EXERCISE BRIEF - This task calls for copying each line below that contains "lambda".

☆ ☆ ☆

(* Let $d\ge1$ and let $P,Q\subset\mathbb{R}^d$ be finite point sets that are not $(1,\infty)$-separable. Then there exist $P^*\subseteq P$ and $Q^*\subseteq Q$ with $|P^*|+|Q^*|\le 2d+2$ such that $P^*$ and $Q^*$ are not $(1,\infty)$-separable. That is, $(1,\infty)$-separability has the Helly-type property with Helly number at most $2d+2$.
   Context: Finite sets $P,Q\subset\mathbb{R}^d$ are $(1,\infty)$-separable if $\mathrm{CH}(P)\cap Q=\emptyset$ or $P\cap\mathrm{CH}(Q)=\emptyset$, where $\mathrm{CH}$ denotes the convex hull (equivalently: one of the two sets can be covered by a single convex set and the other by arbitrarily many convex sets, with the two unions disjoint). *)

theory Defs
  imports "HOL-Analysis.Analysis"
begin

definition one_inf_separable :: "'a::real_vector set \<Rightarrow> 'a set \<Rightarrow> bool" where
  "one_inf_separable P Q \<longleftrightarrow> convex hull P \<inter> Q = {} \<or> P \<inter> convex hull Q = {}"

end

theory Submission
  imports Defs
begin

text \<open>Non-separability yields p \<in> P \<inter> conv Q and q \<in> Q \<inter> conv P. Both survive
  on at most d + 1 points of P resp. Q that still contain p resp. q: a point of the
  relative boundary of conv S lies in a facet, hence by Caratheodory in the hull of aff_dim S
  points of S, and a point of the relative interior lies on a segment from p to such a boundary
  point, so adding p costs only one more point.\<close>

lemma rel_frontier_convex_hull_caratheodory:
  fixes S :: "'a::euclidean_space set"
  assumes "finite S" and "z \<in> rel_frontier (convex hull S)"
  obtains T where "T \<subseteq> S" "int (card T) \<le> aff_dim S" "z \<in> convex hull T"
proof -
  obtain F where F: "F facet_of convex hull S" "z \<in> F"
    using assms rel_frontier_of_polyhedron[OF polyhedron_convex_hull] by blast
  obtain S' where "S' \<subseteq> S" and F_eq: "F = convex hull S'"
    using face_of_convex_hull_subset[OF finite_imp_compact[OF \<open>finite S\<close>] facet_of_imp_face_of[OF F(1)]] .
  then obtain T where T: "T \<subseteq> S'" "card T \<le> aff_dim S' + 1" "z \<in> convex hull T"
    using F(2) caratheodory_aff_dim[of S'] by blast
  have "aff_dim S' = aff_dim S - 1"
    using F(1) F_eq by (simp add: facet_of_def aff_dim_convex_hull)
  with T \<open>S' \<subseteq> S\<close> show thesis
    by (intro that[of T]) auto
qed

lemma rel_interior_in_segment_to_rel_frontier:
  fixes C :: "'a::euclidean_space set"
  assumes "bounded C" and y: "y \<in> rel_interior C" and p: "p \<in> affine hull C" and "y \<noteq> p"
  obtains z where "z \<in> rel_frontier C" "y \<in> closed_segment p z"
proof -
  have "y \<in> affine hull C"
    using hull_inc[OF subsetD[OF rel_interior_subset y]] .
  then have "2 *\<^sub>R y + (1 - 2) *\<^sub>R p \<in> affine hull C"
    using p by (intro mem_affine affine_affine_hull) auto
  then have "y + (y - p) \<in> affine hull C"
    by (simp add: algebra_simps scaleR_2)
  moreover have "y - p \<noteq> 0"
    using \<open>y \<noteq> p\<close> by simp
  ultimately obtain t where "0 < t" and frontier: "y + t *\<^sub>R (y - p) \<in> rel_frontier C"
    using ray_to_rel_frontier[OF \<open>bounded C\<close> y] by blast
  define z where "z = y + t *\<^sub>R (y - p)"
  have "(1 + t) *\<^sub>R y = t *\<^sub>R p + z"
    by (simp add: z_def algebra_simps)
  have "1 - 1 / (1 + t) = t / (1 + t)"
    using \<open>0 < t\<close> by (simp add: field_simps)
  have "y = (1 / (1 + t)) *\<^sub>R ((1 + t) *\<^sub>R y)"
    using \<open>0 < t\<close> by simp
  also have "\<dots> = (1 - 1 / (1 + t)) *\<^sub>R p + (1 / (1 + t)) *\<^sub>R z"
    unfolding \<open>(1 + t) *\<^sub>R y = t *\<^sub>R p + z\<close> \<open>1 - 1 / (1 + t) = t / (1 + t)\<close>
    by (simp add: scaleR_add_right)
  finally have "y \<in> closed_segment p z"
    using \<open>0 < t\<close> unfolding in_segment(1) by (intro exI[of _ "1 / (1 + t)"]) simp
  with frontier show thesis
    unfolding z_def by (rule that)
qed

lemma convex_hull_caratheodory_pinned:
  fixes S :: "'a::euclidean_space set"
  assumes "finite S" and "p \<in> S" and "y \<in> convex hull S"
  obtains T where "T \<subseteq> S" "p \<in> T" "int (card T) \<le> aff_dim S + 1" "y \<in> convex hull T"
proof -
  have pinned_frontier:
    "\<exists>T. T \<subseteq> S \<and> p \<in> T \<and> int (card T) \<le> aff_dim S + 1 \<and> z \<in> convex hull T"
    if z: "z \<in> rel_frontier (convex hull S)" for z
  proof -
    obtain T where "T \<subseteq> S" "int (card T) \<le> aff_dim S" "z \<in> convex hull T"
      by (rule rel_frontier_convex_hull_caratheodory[OF \<open>finite S\<close> z])
    moreover have "finite T"
      using \<open>T \<subseteq> S\<close> \<open>finite S\<close> finite_subset by blast
    ultimately show ?thesis
      using \<open>p \<in> S\<close> hull_mono[of T "insert p T"]
      by (intro exI[of _ "insert p T"]) (auto simp: card_insert_if)
  qed
  have "y \<in> rel_interior (convex hull S) \<or> y \<in> rel_frontier (convex hull S)"
    using assms(3) rel_frontier_def closure_subset by auto
  then consider "y = p" | "y \<in> rel_frontier (convex hull S)"
    | "y \<noteq> p" "y \<in> rel_interior (convex hull S)"
    by blast
  then show thesis
  proof cases
    case 1
    have "0 \<le> aff_dim S"
      using \<open>p \<in> S\<close> aff_dim_negative_iff[of S] by (metis empty_iff not_less)
    with 1 \<open>p \<in> S\<close> show thesis
      by (intro that[of "{p}"]) auto
  next
    case 2
    then show thesis
      using pinned_frontier that by blast
  next
    case 3
    have "p \<in> affine hull (convex hull S)"
      using \<open>p \<in> S\<close> by (simp add: hull_inc)
    then obtain z where "z \<in> rel_frontier (convex hull S)" "y \<in> closed_segment p z"
      using rel_interior_in_segment_to_rel_frontier
        [OF bounded_convex_hull[OF finite_imp_bounded[OF \<open>finite S\<close>]] 3(2) _ 3(1)]
      by blast
    moreover obtain T where T: "T \<subseteq> S" "p \<in> T" "int (card T) \<le> aff_dim S + 1" "z \<in> convex hull T"
      using pinned_frontier[OF \<open>z \<in> rel_frontier (convex hull S)\<close>] by blast
    moreover have "closed_segment p z \<subseteq> convex hull T"
      unfolding segment_convex_hull using T(2,4) hull_inc[of p T]
      by (intro hull_minimal convex_convex_hull) auto
    ultimately show thesis
      using that by blast
  qed
qed

theorem mainTheorem8:
  fixes P Q :: "'a::euclidean_space set"
  assumes "finite P" and "finite Q"
    and "\<not> one_inf_separable P Q"
  shows "\<exists>P' Q'. P' \<subseteq> P \<and> Q' \<subseteq> Q \<and> card P' + card Q' \<le> 2 * DIM('a) + 2
            \<and> \<not> one_inf_separable P' Q'"
proof -
  obtain q p where q: "q \<in> convex hull P" "q \<in> Q" and p: "p \<in> P" "p \<in> convex hull Q"
    using assms(3) unfolding one_inf_separable_def by blast
  obtain P' where P': "P' \<subseteq> P" "p \<in> P'" "int (card P') \<le> aff_dim P + 1" "q \<in> convex hull P'"
    using convex_hull_caratheodory_pinned[OF assms(1) p(1) q(1)] .
  obtain Q' where Q': "Q' \<subseteq> Q" "q \<in> Q'" "int (card Q') \<le> aff_dim Q + 1" "p \<in> convex hull Q'"
    using convex_hull_caratheodory_pinned[OF assms(2) q(2) p(2)] .
  have "card P' + card Q' \<le> 2 * DIM('a) + 2"
    using P'(3) Q'(3) aff_dim_le_DIM[of P] aff_dim_le_DIM[of Q] by linarith
  moreover have "\<not> one_inf_separable P' Q'"
    unfolding one_inf_separable_def using P' Q' by blast
  ultimately show ?thesis
    using P'(1) Q'(1) by blast
qed

end
lemma formal_order_ge_monoidal:
  assumes "i \<noteq> j" "Y i \<noteq> 0" "Y j \<noteq> 0" "w (Y i) < w (Y j)"
  shows "formal_order_ge w L Y s z \<Longrightarrow> formal_order_ge w L (Y(j := Y j / Y i)) s z"
proof (rule formal_order_ge_transfer[of L L])
  fix k assume k: "Y k \<noteq> 0"
  let ?Y' = "Y(j := Y j / Y i)"
  show "formal_order_ge w L ?Y' (w (Y k)) (Y k)"
  proof (cases "k = j")
    case False
    then show ?thesis using formal_order_ge.var[of ?Y' k "w (Y k)"] k by simp
  next
    case True
    have "formal_order_ge w L ?Y' (w (Y i)) (?Y' i)"
      using assms by (intro formal_order_ge.var) auto
    moreover have "formal_order_ge w L ?Y' (w (Y j) - w (Y i)) (?Y' j)"
      using assms by (intro formal_order_ge.var) (auto simp: val_divide)
    ultimately have "formal_order_ge w L ?Y' (w (Y j)) (?Y' i * ?Y' j)"
      by (rule formal_order_ge.mult) simp
    then show ?thesis using True assms by simp
  qed
qed simp

end

definition has_leading_monomial ::
  "('f::field \<Rightarrow> int) \<Rightarrow> 'f set \<Rightarrow> ('n \<Rightarrow> 'f) \<Rightarrow> 'f \<Rightarrow> int \<Rightarrow> int \<Rightarrow> 'f \<Rightarrow> bool" where
  "has_leading_monomial w L Y y g s z \<longleftrightarrow>
     (\<exists>l\<in>L. \<exists>e. (l = 0 \<or> int e * g = s) \<and> formal_order_ge w L Y (s + 1) (z - l * y ^ e))"

lemma formal_order_ge_monomial:
  assumes "1 \<in> L" "formal_order_ge w L Y g y" "l \<in> L" "l = 0 \<or> int e * g = s"
  shows "formal_order_ge w L Y s (l * y ^ e)"
  using assms formal_order_ge_scale[OF _ formal_order_ge_power] formal_order_ge.zero by fastforce

lemma has_leading_monomial_of_order:
  "0 \<in> L \<Longrightarrow> formal_order_ge w L Y (s + 1) z \<Longrightarrow> has_leading_monomial w L Y y g s z"
  unfolding has_leading_monomial_def by force

lemma formal_order_ge_of_leading:
  assumes "1 \<in> L" "formal_order_ge w L Y g y" "has_leading_monomial w L Y y g s z"
  shows "formal_order_ge w L Y s z"
proof -
  obtain l e where l: "l \<in> L" "l = 0 \<or> int e * g = s" "formal_order_ge w L Y (s + 1) (z - l * y ^ e)"
    using assms(3) unfolding has_leading_monomial_def by blast
  have "formal_order_ge w L Y s ((z - l * y ^ e) + l * y ^ e)"
    using formal_order_ge_mono[OF l(3)] formal_order_ge_monomial[OF assms(1,2) l(1,2)]
    by (intro formal_order_ge.add) auto
  then show ?thesis by simp
qed

lemma has_leading_monomial_add:
  assumes L: "is_subfield L" and g: "g > 0"
    and a: "has_leading_monomial w L Y y g s a" and b: "has_leading_monomial w L Y y g s b"
  shows "has_leading_monomial w L Y y g s (a + b)"
proof -
  obtain la ea lb eb where
    a': "la \<in> L" "la = 0 \<or> int ea * g = s" "formal_order_ge w L Y (s + 1) (a - la * y ^ ea)" and
    b': "lb \<in> L" "lb = 0 \<or> int eb * g = s" "formal_order_ge w L Y (s + 1) (b - lb * y ^ eb)"
    using a b unfolding has_leading_monomial_def by blast
  \<comment> \<open>both monomials have weight s, so they are multiples of the same power of y\<close>
  define e where "e = (if la = 0 then eb else ea)"
  have ea: "la * y ^ e = la * y ^ ea" and eb: "lb * y ^ e = lb * y ^ eb"
    using a'(2) b'(2) g by (auto simp: e_def)
  have "(a + b) - (la + lb) * y ^ e = (a - la * y ^ e) + (b - lb * y ^ e)"
    by (simp add: algebra_simps)
  also have "\<dots> = (a - la * y ^ ea) + (b - lb * y ^ eb)"
    by (simp only: ea eb)
  finally have "(a + b) - (la + lb) * y ^ e = (a - la * y ^ ea) + (b - lb * y ^ eb)" .
  moreover have "la + lb = 0 \<or> int e * g = s" using a'(2) b'(2) by (auto simp: e_def)
  ultimately show ?thesis
    using a' b' subfield_add[OF L] formal_order_ge.add unfolding has_leading_monomial_def by metis
qed
text \<open>P^{xbar}_y(A) = y \<otimes>_H P^{xbar}(A).\<close>
definition Py :: "('k::field_char_0 \<Rightarrow> 'c::ab_group_add \<Rightarrow> 'c) \<Rightarrow> ('c \<Rightarrow> 'c) \<Rightarrow> ('k \<times> int) list
    \<Rightarrow> nat list \<Rightarrow> (nat list \<times> 'c) list \<Rightarrow> (int \<times> 'c) list" where
  "Py sc D y ss A = coeff_of sc y (Pmon sc D ss A)"

text \<open>Product a(t^n) b(t^m) = sum_s (n choose s) (a_(s) b)(t^(n+m-s)), extended bilinearly.\<close>
definition cmul :: "('k::field_char_0 \<Rightarrow> 'c::ab_group_add \<Rightarrow> 'c) \<Rightarrow> (nat \<Rightarrow> 'c \<Rightarrow> 'c \<Rightarrow> 'c)
    \<Rightarrow> (int \<times> 'c) list \<Rightarrow> (int \<times> 'c) list \<Rightarrow> (int \<times> 'c) list" where
  "cmul sc pr X Y =
     concat (map (\<lambda>(k, a). concat (map (\<lambda>(l, b).
        map (\<lambda>s. (k + l - int s, sc ((of_int k :: 'k) gchoose s) (pr s a b))) [0..<loc_bound pr a b]) Y)) X)"

fun evalC :: "('k::field_char_0 \<Rightarrow> 'c::ab_group_add \<Rightarrow> 'c) \<Rightarrow> (nat \<Rightarrow> 'c \<Rightarrow> 'c \<Rightarrow> 'c)
    \<Rightarrow> bmon \<Rightarrow> (int \<times> 'c) list list \<Rightarrow> (int \<times> 'c) list" where
  "evalC sc pr BLeaf xs = hd xs"
| "evalC sc pr (BNode l r) xs =
     cmul sc pr (evalC sc pr l (take (leaves l) xs)) (evalC sc pr r (drop (leaves l) xs))"

text \<open>Equality in Coeff C: k[t,t^{-1}] \<otimes> C is identified with finitely supported
functions int \<Rightarrow> C; \<otimes>_H is the quotient by the k-span of the elements
t^j \<otimes> Dc - (t^j D) \<otimes> c = t^j \<otimes> Dc + j t^(j-1) \<otimes> c.\<close>
definition coeff_fun :: "(int \<times> 'c::comm_monoid_add) list \<Rightarrow> int \<Rightarrow> 'c" where
  "coeff_fun X = (\<lambda>j. sum_list (map snd (filter (\<lambda>p. fst p = j) X)))"

definition coeff_rel :: "('k::field_char_0 \<Rightarrow> 'c::ab_group_add \<Rightarrow> 'c) \<Rightarrow> ('c \<Rightarrow> 'c) \<Rightarrow> (int \<Rightarrow> 'c) set" where
  "coeff_rel sc D = {f. \<exists>k c. f = (\<lambda>j. (if j = k then D c else 0) + (if j = k - 1 then sc (of_int k) c else 0))}"

definition coeff_eq :: "('k::field_char_0 \<Rightarrow> 'c::ab_group_add \<Rightarrow> 'c) \<Rightarrow> ('c \<Rightarrow> 'c)
    \<Rightarrow> (int \<times> 'c) list \<Rightarrow> (int \<times> 'c) list \<Rightarrow> bool" where
  "coeff_eq sc D X Y \<longleftrightarrow>
     (\<lambda>j. coeff_fun X j - coeff_fun Y j) \<in> module.span (\<lambda>r f j. sc r (f j)) (coeff_rel sc D)"

end

theory Submission
  imports Defs
begin

text \<open>
  In the right H-module k[t,t^-1] we have t^k D^e = (-k)^(e) t^(k-e),
  with the rising factorial (-k)^(e) = pochhammer (-k) e. Hence the assignment
  h_1 (x) ... (x) h_(n-1) (x) 1 (x)_H c  |->  (t^k_1 h_1) ... (t^k_(n-1) h_(n-1)) x_n (x)_H c
  is an explicit evaluation map psi from H^(x)n (x)_H C to Coeff C, and the theorem splits in two.

  First, t(a_1(t^k_1), ..., a_n(x_n)) = psi(t^*(a_1, ..., a_n)), by induction on the bracketing. In a
  product of two subterms the left factor has degree P = k + sum (k_i - e_i), and D^s enters it through
  the iterated coproduct; the Vandermonde identity for rising factorials collapses the sum over the
  coproduct to (-P)^(s), so the term (-D)^s / s! of the pseudoproduct contributes
  (-1)^s / s! (-P)^(s) = (P choose s), the coefficient of the product in Coeff C.

  Second, psi(A) is the sum over s of prod_i (k_i choose s_i) P^(t^s)_(t^(sum (k_i - s_i)) x_n)(A):
  the pairing with S(t^s_i) picks out s = e, and (k choose e) (-1)^e e! = (-k)^(e).

  All terms of t^* have last tensor factor 1, where theta is trivial, so both identities already hold
  in k[t,t^-1] (x) C, before passing to the quotient Coeff C.
\<close>

definition single :: "int \<Rightarrow> 'c::zero \<Rightarrow> int \<Rightarrow> 'c" where
  "single k a = (\<lambda>j. if j = k then a else 0)"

☆ ☆ ☆

TASK RESPONSE -
     concat (map (\<lambda>(k, a). concat (map (\<lambda>(l, b).
        map (\<lambda>s. (k + l - int s, sc ((of_int k :: 'k) gchoose s) (pr s a b))) [0..<loc_bound pr a b]) Y)) X)"
  "coeff_fun X = (\<lambda>j. sum_list (map snd (filter (\<lambda>p. fst p = j) X)))"
  "coeff_rel sc D = {f. \<exists>k c. f = (\<lambda>j. (if j = k then D c else 0) + (if j = k - 1 then sc (of_int k) c else 0))}"
     (\<lambda>j. coeff_fun X j - coeff_fun Y j) \<in> module.span (\<lambda>r f j. sc r (f j)) (coeff_rel sc D)"
  "single k a = (\<lambda>j. if j = k then a else 0)"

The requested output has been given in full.